Action item: Go over the lines below, and when one contains the word "partial", copy it.

Data for the task:
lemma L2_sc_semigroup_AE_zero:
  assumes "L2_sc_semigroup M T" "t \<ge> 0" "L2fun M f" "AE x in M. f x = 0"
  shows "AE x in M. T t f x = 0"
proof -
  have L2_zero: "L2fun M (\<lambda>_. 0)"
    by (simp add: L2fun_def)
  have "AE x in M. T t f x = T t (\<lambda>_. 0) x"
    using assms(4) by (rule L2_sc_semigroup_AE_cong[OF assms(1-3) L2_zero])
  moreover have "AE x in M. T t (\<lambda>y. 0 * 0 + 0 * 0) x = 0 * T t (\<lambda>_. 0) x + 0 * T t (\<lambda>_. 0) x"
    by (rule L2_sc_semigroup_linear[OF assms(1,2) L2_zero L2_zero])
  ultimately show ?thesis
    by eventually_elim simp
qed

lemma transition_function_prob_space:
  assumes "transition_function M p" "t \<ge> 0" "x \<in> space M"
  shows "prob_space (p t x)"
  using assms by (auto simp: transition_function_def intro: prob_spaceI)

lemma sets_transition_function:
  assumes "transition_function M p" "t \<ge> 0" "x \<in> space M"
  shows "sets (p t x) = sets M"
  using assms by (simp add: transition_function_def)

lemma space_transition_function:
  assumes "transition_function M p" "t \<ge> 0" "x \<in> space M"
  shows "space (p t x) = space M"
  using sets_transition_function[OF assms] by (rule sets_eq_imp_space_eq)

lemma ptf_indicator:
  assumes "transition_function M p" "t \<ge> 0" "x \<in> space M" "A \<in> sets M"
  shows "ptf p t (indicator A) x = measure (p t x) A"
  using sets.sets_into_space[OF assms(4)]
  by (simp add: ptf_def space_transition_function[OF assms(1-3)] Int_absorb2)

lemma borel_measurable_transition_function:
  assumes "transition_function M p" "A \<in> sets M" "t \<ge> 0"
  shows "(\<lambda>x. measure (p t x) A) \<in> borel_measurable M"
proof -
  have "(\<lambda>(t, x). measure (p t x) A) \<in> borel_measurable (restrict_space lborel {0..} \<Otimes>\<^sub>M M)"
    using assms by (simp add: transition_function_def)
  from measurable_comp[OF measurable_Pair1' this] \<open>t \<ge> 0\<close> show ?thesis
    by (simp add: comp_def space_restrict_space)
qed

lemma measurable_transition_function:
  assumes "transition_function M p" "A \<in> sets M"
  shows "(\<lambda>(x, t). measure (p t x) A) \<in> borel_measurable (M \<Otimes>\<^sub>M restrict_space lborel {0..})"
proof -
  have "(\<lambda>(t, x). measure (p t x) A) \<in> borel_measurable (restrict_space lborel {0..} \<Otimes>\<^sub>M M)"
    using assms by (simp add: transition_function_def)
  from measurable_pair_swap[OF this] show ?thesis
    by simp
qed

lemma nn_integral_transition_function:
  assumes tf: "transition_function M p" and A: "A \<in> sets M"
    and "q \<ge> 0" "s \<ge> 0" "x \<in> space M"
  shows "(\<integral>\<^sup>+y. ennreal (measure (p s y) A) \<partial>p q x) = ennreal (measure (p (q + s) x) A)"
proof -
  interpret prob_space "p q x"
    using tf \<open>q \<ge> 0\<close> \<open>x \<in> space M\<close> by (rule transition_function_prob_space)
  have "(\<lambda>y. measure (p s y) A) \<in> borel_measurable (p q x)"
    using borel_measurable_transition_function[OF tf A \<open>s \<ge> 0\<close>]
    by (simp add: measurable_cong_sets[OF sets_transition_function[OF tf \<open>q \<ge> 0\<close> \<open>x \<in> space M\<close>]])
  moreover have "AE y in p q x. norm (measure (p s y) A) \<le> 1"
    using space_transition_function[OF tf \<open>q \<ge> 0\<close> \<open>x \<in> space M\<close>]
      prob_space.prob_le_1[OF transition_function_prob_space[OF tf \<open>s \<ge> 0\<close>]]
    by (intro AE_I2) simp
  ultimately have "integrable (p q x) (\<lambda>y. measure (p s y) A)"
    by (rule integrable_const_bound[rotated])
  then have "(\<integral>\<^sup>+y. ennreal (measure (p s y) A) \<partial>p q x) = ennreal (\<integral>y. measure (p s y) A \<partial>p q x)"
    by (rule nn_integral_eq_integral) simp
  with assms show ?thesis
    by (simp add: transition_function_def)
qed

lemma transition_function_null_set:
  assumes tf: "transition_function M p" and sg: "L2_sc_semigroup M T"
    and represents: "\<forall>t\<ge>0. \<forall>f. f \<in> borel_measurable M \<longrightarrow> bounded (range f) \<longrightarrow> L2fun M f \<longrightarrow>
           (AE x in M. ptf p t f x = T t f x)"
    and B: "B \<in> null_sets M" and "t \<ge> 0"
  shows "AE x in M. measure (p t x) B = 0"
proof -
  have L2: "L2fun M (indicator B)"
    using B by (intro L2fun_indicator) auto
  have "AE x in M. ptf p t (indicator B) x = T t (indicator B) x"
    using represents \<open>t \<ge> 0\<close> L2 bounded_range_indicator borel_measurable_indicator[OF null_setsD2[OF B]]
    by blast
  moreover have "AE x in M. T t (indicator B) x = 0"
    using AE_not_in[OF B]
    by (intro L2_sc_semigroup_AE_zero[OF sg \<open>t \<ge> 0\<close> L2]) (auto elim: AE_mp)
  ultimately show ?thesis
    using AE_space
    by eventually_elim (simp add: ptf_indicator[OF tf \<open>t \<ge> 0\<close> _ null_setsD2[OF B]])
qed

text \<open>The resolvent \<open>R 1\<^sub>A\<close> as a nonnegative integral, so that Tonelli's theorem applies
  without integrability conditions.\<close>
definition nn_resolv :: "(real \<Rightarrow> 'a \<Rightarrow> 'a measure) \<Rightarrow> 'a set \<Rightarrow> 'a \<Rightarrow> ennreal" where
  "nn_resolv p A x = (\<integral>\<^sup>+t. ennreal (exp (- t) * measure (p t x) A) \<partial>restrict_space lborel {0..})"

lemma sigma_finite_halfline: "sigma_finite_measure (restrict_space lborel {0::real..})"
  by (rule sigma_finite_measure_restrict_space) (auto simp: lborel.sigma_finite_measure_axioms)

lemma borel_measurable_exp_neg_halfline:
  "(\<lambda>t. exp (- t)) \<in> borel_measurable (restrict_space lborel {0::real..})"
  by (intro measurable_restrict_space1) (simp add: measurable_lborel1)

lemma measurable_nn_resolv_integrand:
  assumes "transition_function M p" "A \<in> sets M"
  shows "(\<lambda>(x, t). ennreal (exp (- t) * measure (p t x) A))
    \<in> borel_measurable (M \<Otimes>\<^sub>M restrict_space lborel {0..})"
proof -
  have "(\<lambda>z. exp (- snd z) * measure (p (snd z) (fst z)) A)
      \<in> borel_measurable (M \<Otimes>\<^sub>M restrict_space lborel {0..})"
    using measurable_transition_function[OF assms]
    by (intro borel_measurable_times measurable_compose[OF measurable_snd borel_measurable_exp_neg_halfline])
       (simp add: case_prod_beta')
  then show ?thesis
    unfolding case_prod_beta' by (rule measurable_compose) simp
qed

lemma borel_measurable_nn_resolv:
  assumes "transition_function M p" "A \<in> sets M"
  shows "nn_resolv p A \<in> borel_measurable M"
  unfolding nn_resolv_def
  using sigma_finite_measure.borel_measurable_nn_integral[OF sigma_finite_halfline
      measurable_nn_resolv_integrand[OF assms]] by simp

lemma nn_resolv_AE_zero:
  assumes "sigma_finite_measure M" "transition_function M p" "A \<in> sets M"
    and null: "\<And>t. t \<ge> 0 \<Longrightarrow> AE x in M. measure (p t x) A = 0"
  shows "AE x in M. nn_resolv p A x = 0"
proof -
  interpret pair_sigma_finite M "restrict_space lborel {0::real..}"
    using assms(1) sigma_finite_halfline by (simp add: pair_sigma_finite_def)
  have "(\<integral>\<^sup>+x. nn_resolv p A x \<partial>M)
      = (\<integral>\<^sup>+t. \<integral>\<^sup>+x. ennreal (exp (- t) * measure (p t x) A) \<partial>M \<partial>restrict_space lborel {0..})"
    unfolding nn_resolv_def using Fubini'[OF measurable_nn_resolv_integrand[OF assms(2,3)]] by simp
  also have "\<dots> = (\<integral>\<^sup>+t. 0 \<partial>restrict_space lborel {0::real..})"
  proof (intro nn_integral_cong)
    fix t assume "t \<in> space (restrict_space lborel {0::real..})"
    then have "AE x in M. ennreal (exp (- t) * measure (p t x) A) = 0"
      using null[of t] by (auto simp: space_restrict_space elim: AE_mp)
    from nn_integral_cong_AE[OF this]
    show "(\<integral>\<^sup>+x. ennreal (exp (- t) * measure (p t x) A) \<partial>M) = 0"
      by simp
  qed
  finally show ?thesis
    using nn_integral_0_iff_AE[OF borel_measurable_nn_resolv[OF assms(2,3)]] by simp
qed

Answer space:
  shows "(\<integral>\<^sup>+y. ennreal (measure (p s y) A) \<partial>p q x) = ennreal (measure (p (q + s) x) A)"
  then have "(\<integral>\<^sup>+y. ennreal (measure (p s y) A) \<partial>p q x) = ennreal (\<integral>y. measure (p s y) A \<partial>p q x)"
  "nn_resolv p A x = (\<integral>\<^sup>+t. ennreal (exp (- t) * measure (p t x) A) \<partial>restrict_space lborel {0..})"
  have "(\<integral>\<^sup>+x. nn_resolv p A x \<partial>M)
      = (\<integral>\<^sup>+t. \<integral>\<^sup>+x. ennreal (exp (- t) * measure (p t x) A) \<partial>M \<partial>restrict_space lborel {0..})"
  also have "\<dots> = (\<integral>\<^sup>+t. 0 \<partial>restrict_space lborel {0::real..})"
    show "(\<integral>\<^sup>+x. ennreal (exp (- t) * measure (p t x) A) \<partial>M) = 0"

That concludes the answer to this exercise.